Sample queries using labeling/2 with option max/1:
?- zs_selection_len_sum([1,1,4,4,6],Bs,L,8), labeling([max(L)],Bs). Bs = [1,1,0,0,1], L = 3 ; Bs = [0,0,1,1,0], L = 2 ; false. ?- zs_selection_len_sum([1,1,3,4,5],Bs,L,7), labeling([max(L)],Bs). Bs = [1,1,0,0,1], L = 3 ; Bs = [0,0,1,1,0], L = 2 ; false. ?- zs_selection_len_sum([1,1,2,2,3,2,4,5,6],Bs,L,6), labeling([max(L)],Bs).
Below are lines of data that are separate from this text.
(* Let $(X,Y,R)$ be a random triple with $X\in\mathbb{R}^d$, $Y\in\{0,1\}$, $R\in\{0,1\}$, $P(Y=y,R=r)>0$ for all $y,r$, and with strictly positive conditional Lebesgue densities $p(x\mid Y=y,R=r)$. Suppose the exponential tilt model with $T(x)=x$ holds: there exist $\alpha_0^\star,\alpha_1^\star\in\mathbb{R}$, $\beta_0^\star,\beta_1^\star\in\mathbb{R}^d$ such that for all $x,y$, $$p(x\mid Y=y,R=0)P(Y=y\mid R=0)=\exp(\alpha_y^\star+{\beta_y^\star}^\top x)\,p(x\mid Y=y,R=1)P(Y=y\mid R=1).$$ Let $B=(\beta_0^\star,\beta_1^\star)\in\mathbb{R}^{d\times 2}$, $U=B^\top X$, and $V=(\mathbf{I}-\mathbf{P}_B)X$, where $\mathbf{P}_B$ is the orthogonal projection onto the column space of $B$. Then $V\perp R\mid (Y,U)$, and hence $X\perp R\mid (Y,U)$.
   Context: $\perp$ denotes conditional independence. *)

theory Defs
  imports "HOL-Probability.Probability"
begin

definition orth_proj :: "'v::euclidean_space set \<Rightarrow> 'v \<Rightarrow> 'v" where
  "orth_proj S x = (THE p. p \<in> S \<and> (\<forall>v\<in>S. (x - p) \<bullet> v = 0))"

definition cond_indep ::
  "'a measure \<Rightarrow> ('a \<Rightarrow> 'b) \<Rightarrow> 'b measure \<Rightarrow> ('a \<Rightarrow> 'c) \<Rightarrow> 'c measure
     \<Rightarrow> ('a \<Rightarrow> 'e) \<Rightarrow> 'e measure \<Rightarrow> bool" where
  "cond_indep M V MV R MR Z MZ \<longleftrightarrow>
     (\<forall>A\<in>sets MV. \<forall>B\<in>sets MR.
        AE \<omega> in M.
          real_cond_exp M (vimage_algebra (space M) Z MZ)
              (\<lambda>\<omega>. indicator A (V \<omega>) * indicator B (R \<omega>)) \<omega>
          = real_cond_exp M (vimage_algebra (space M) Z MZ) (\<lambda>\<omega>. indicator A (V \<omega>)) \<omega>
            * real_cond_exp M (vimage_algebra (space M) Z MZ) (\<lambda>\<omega>. indicator B (R \<omega>)) \<omega>)"

end

(*
  Bayes' formula turns the cell densities into the propensity
  P(R = 1 | Y = y, X = x) = q(y,1,x) / (q(y,0,x) + q(y,1,x)), where q(y,r,x) = P(Y = y, R = r) p(x | y, r).
  Under the exponential tilt this equals 1 / (1 + c exp (alpha_y + beta_y . x)) with
  c = P(R = 0) / P(R = 1), so it depends on (Y, X) only through (Y, U).  A binary R whose
  propensity given (Z, V) is a function h(Z) of Z alone is conditionally independent of V given Z:
  E[1_A(V) 1{R = 1} | Z] = h(Z) E[1_A(V) | Z] = E[1_A(V) | Z] E[1{R = 1} | Z], and every indicator
  of R is affine in 1{R = 1}.  Taking Z = (Y, U) and V the residual (I - P_B) X, or X itself,
  gives both claims.
*)
theory Submission
  imports Defs
begin

lemma orth_proj_eqI:
  fixes S :: "'v::euclidean_space set"
  assumes S: "subspace S" and "p \<in> S" and orth: "\<forall>v\<in>S. (x - p) \<bullet> v = 0"
  shows "orth_proj S x = p"
  unfolding orth_proj_def
proof (rule the_equality)
  fix q assume q: "q \<in> S \<and> (\<forall>v\<in>S. (x - q) \<bullet> v = 0)"
  have "p - q \<in> S" using S \<open>p \<in> S\<close> q by (simp add: subspace_diff)
  then have "(x - q) \<bullet> (p - q) - (x - p) \<bullet> (p - q) = 0" using orth q by simp
  then have "(p - q) \<bullet> (p - q) = 0" by (simp add: inner_diff_left)
  then show "q = p" by simp
qed (use assms in blast)

lemma orth_proj_in_orthogonal:
  fixes S :: "'v::euclidean_space set"
  assumes "subspace S"
  shows "orth_proj S x \<in> S" and "\<forall>v\<in>S. (x - orth_proj S x) \<bullet> v = 0"
proof -
  obtain y z where "y \<in> span S" and "\<And>w. w \<in> span S \<Longrightarrow> orthogonal z w" and "x = y + z"
    using orthogonal_subspace_decomp_exists by blast
  moreover have "span S = S" using assms by (simp add: span_eq_iff)
  ultimately have "y \<in> S" "\<forall>v\<in>S. (x - y) \<bullet> v = 0" "orth_proj S x = y"
    using orth_proj_eqI[OF assms] by (auto simp: orthogonal_def)
  then show "orth_proj S x \<in> S" "\<forall>v\<in>S. (x - orth_proj S x) \<bullet> v = 0" by simp_all
qed

lemma linear_orth_proj:
  fixes S :: "'v::euclidean_space set"
  assumes S: "subspace S"
  shows "linear (orth_proj S)"
proof (rule linearI)
  fix x y
  show "orth_proj S (x + y) = orth_proj S x + orth_proj S y"
    using orth_proj_in_orthogonal[OF S, of x] orth_proj_in_orthogonal[OF S, of y]
    by (intro orth_proj_eqI S)
       (auto simp: subspace_add[OF S] algebra_simps inner_diff_left inner_add_left)
next
  fix c :: real and x
  have "c *\<^sub>R x - c *\<^sub>R orth_proj S x = c *\<^sub>R (x - orth_proj S x)" by (simp add: algebra_simps)
  then show "orth_proj S (c *\<^sub>R x) = c *\<^sub>R orth_proj S x"
    using orth_proj_in_orthogonal[OF S, of x]
    by (intro orth_proj_eqI S) (auto simp: subspace_scale[OF S])
qed

lemma borel_measurable_orth_proj:
  fixes S :: "'v::euclidean_space set"
  assumes "subspace S"
  shows "orth_proj S \<in> borel_measurable borel"
  using linear_orth_proj[OF assms]
  by (intro borel_measurable_continuous_onI linear_continuous_on)
     (simp add: linear_conv_bounded_linear)

lemma (in sigma_finite_subalgebra) real_cond_exp_mult_of_set_integrals:
  assumes [measurable]: "integrable M f" "integrable M (\<lambda>x. f x * w x)"
    "integrable M (\<lambda>x. h x * f x)" "h \<in> borel_measurable F"
    and eq: "\<And>A. A \<in> sets F \<Longrightarrow> (\<integral>x\<in>A. f x * w x \<partial>M) = (\<integral>x\<in>A. h x * f x \<partial>M)"
  shows "AE x in M. real_cond_exp M F (\<lambda>x. f x * w x) x = h x * real_cond_exp M F f x"
proof (rule real_cond_exp_charact)
  fix A assume A: "A \<in> sets F"
  then have [measurable]: "A \<in> sets M" using subalg by (auto simp: subalgebra_def)
  have "(\<integral>x\<in>A. f x * w x \<partial>M) = (\<integral>x. (indicator A x * h x) * f x \<partial>M)"
    using eq[OF A] unfolding set_lebesgue_integral_def by (simp add: mult.assoc)
  also have "\<dots> = (\<integral>x. (indicator A x * h x) * real_cond_exp M F f x \<partial>M)"
    using integrable_mult_indicator[OF \<open>A \<in> sets M\<close> assms(3)] A
    by (intro real_cond_exp_intg(2)[symmetric]) (auto simp: mult.assoc)
  also have "\<dots> = (\<integral>x\<in>A. h x * real_cond_exp M F f x \<partial>M)"
    unfolding set_lebesgue_integral_def by (simp add: mult.assoc)
  finally show "(\<integral>x\<in>A. f x * w x \<partial>M) = (\<integral>x\<in>A. h x * real_cond_exp M F f x \<partial>M)" .
qed (use assms in \<open>auto intro: real_cond_exp_intg(1)\<close>)

lemma (in finite_measure_subalgebra) real_cond_exp_binary_factorization:
  fixes R :: "'a \<Rightarrow> nat" and B :: "nat set"
  defines "W \<equiv> \<lambda>\<omega>. if R \<omega> = 1 then 1 else 0 :: real"
  assumes [measurable]: "R \<in> M \<rightarrow>\<^sub>M count_space UNIV"
    and R_vals: "\<And>\<omega>. \<omega> \<in> space M \<Longrightarrow> R \<omega> \<in> {0, 1}"
    and integrable: "integrable M f" "integrable M (\<lambda>\<omega>. f \<omega> * W \<omega>)"
    and cond_fW: "AE \<omega> in M. real_cond_exp M F (\<lambda>\<omega>. f \<omega> * W \<omega>) \<omega> = h \<omega> * real_cond_exp M F f \<omega>"
    and cond_W: "AE \<omega> in M. real_cond_exp M F W \<omega> = h \<omega>"
  shows "AE \<omega> in M. real_cond_exp M F (\<lambda>\<omega>. f \<omega> * indicator B (R \<omega>)) \<omega>
      = real_cond_exp M F f \<omega> * real_cond_exp M F (\<lambda>\<omega>. indicator B (R \<omega>)) \<omega>"
proof -
  have [measurable]: "f \<in> borel_measurable M" "W \<in> borel_measurable M"
    using integrable unfolding W_def by measurable
  have integrable_W: "integrable M W"
    by (intro integrable_const_bound[where B=1]) (auto simp: W_def)
  define c0 c1 where "c0 = (indicator B 0 :: real)" and "c1 = (indicator B 1 - indicator B 0 :: real)"
  have B_affine: "indicator B (R \<omega>) = c0 + c1 * W \<omega>" if "\<omega> \<in> space M" for \<omega>
    using R_vals[OF that] by (auto simp: c0_def c1_def W_def)
  have "AE \<omega> in M. real_cond_exp M F (\<lambda>\<omega>. f \<omega> * indicator B (R \<omega>)) \<omega>
      = real_cond_exp M F (\<lambda>\<omega>. c0 * f \<omega> + c1 * (f \<omega> * W \<omega>)) \<omega>"
    by (rule real_cond_exp_cong) (auto simp: B_affine algebra_simps)
  moreover have "AE \<omega> in M. real_cond_exp M F (\<lambda>\<omega>. c0 * f \<omega> + c1 * (f \<omega> * W \<omega>)) \<omega>
      = real_cond_exp M F (\<lambda>\<omega>. c0 * f \<omega>) \<omega> + real_cond_exp M F (\<lambda>\<omega>. c1 * (f \<omega> * W \<omega>)) \<omega>"
    using integrable by (intro real_cond_exp_add) auto
  moreover have "AE \<omega> in M. real_cond_exp M F (\<lambda>\<omega>. indicator B (R \<omega>)) \<omega>
      = real_cond_exp M F (\<lambda>\<omega>. c0 + c1 * W \<omega>) \<omega>"
    by (rule real_cond_exp_cong) (auto simp: B_affine)
  moreover have "AE \<omega> in M. real_cond_exp M F (\<lambda>\<omega>. c0 + c1 * W \<omega>) \<omega>
      = real_cond_exp M F (\<lambda>\<omega>. c0) \<omega> + real_cond_exp M F (\<lambda>\<omega>. c1 * W \<omega>) \<omega>"
    using integrable_W by (intro real_cond_exp_add) auto
  moreover have "AE \<omega> in M. real_cond_exp M F (\<lambda>\<omega>. c0) \<omega> = c0"
    by (intro real_cond_exp_F_meas) auto
  moreover note real_cond_exp_cmult[OF integrable(1), of c0]
    real_cond_exp_cmult[OF integrable(2), of c1] real_cond_exp_cmult[OF integrable_W, of c1]
    cond_fW cond_W
  ultimately show ?thesis
    by eventually_elim (simp add: algebra_simps)
qed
Bs = [1,1,0,1,0,1,0,0,0], L = 4 ; Bs = [1,1,1,0,0,1,0,0,0], L = 4 ; Bs = [1,1,1,1,0,0,0,0,0], L = 4 ; Bs = [0,0,1,1,0,1,0,0,0], L = 3 ; Bs = [0,1,0,0,1,1,0,0,0], L = 3 ; Bs = [0,1,0,1,1,0,0,0,0], L = 3 ; Bs = [0,1,1,0,1,0,0,0,0], L = 3 ; Bs = [1,0,0,0,1,1,0,0,0], L = 3 ; Bs = [1,0,0,1,1,0,0,0,0], L = 3 ; Bs = [1,0,1,0,1,0,0,0,0], L = 3 ; Bs = [1,1,0,0,0,0,1,0,0], L = 3 ; Bs = [0,0,0,0,0,1,1,0,0], L = 2 ; Bs = [0,0,0,1,0,0,1,0,0], L = 2 ; Bs = [0,0,1,0,0,0,1,0,0], L = 2 ; Bs = [0,1,0,0,0,0,0,1,0], L = 2 ; Bs = [1,0,0,0,0,0,0,1,0], L = 2 ; Bs = [0,0,0,0,0,0,0,0,1], L = 1 ; false.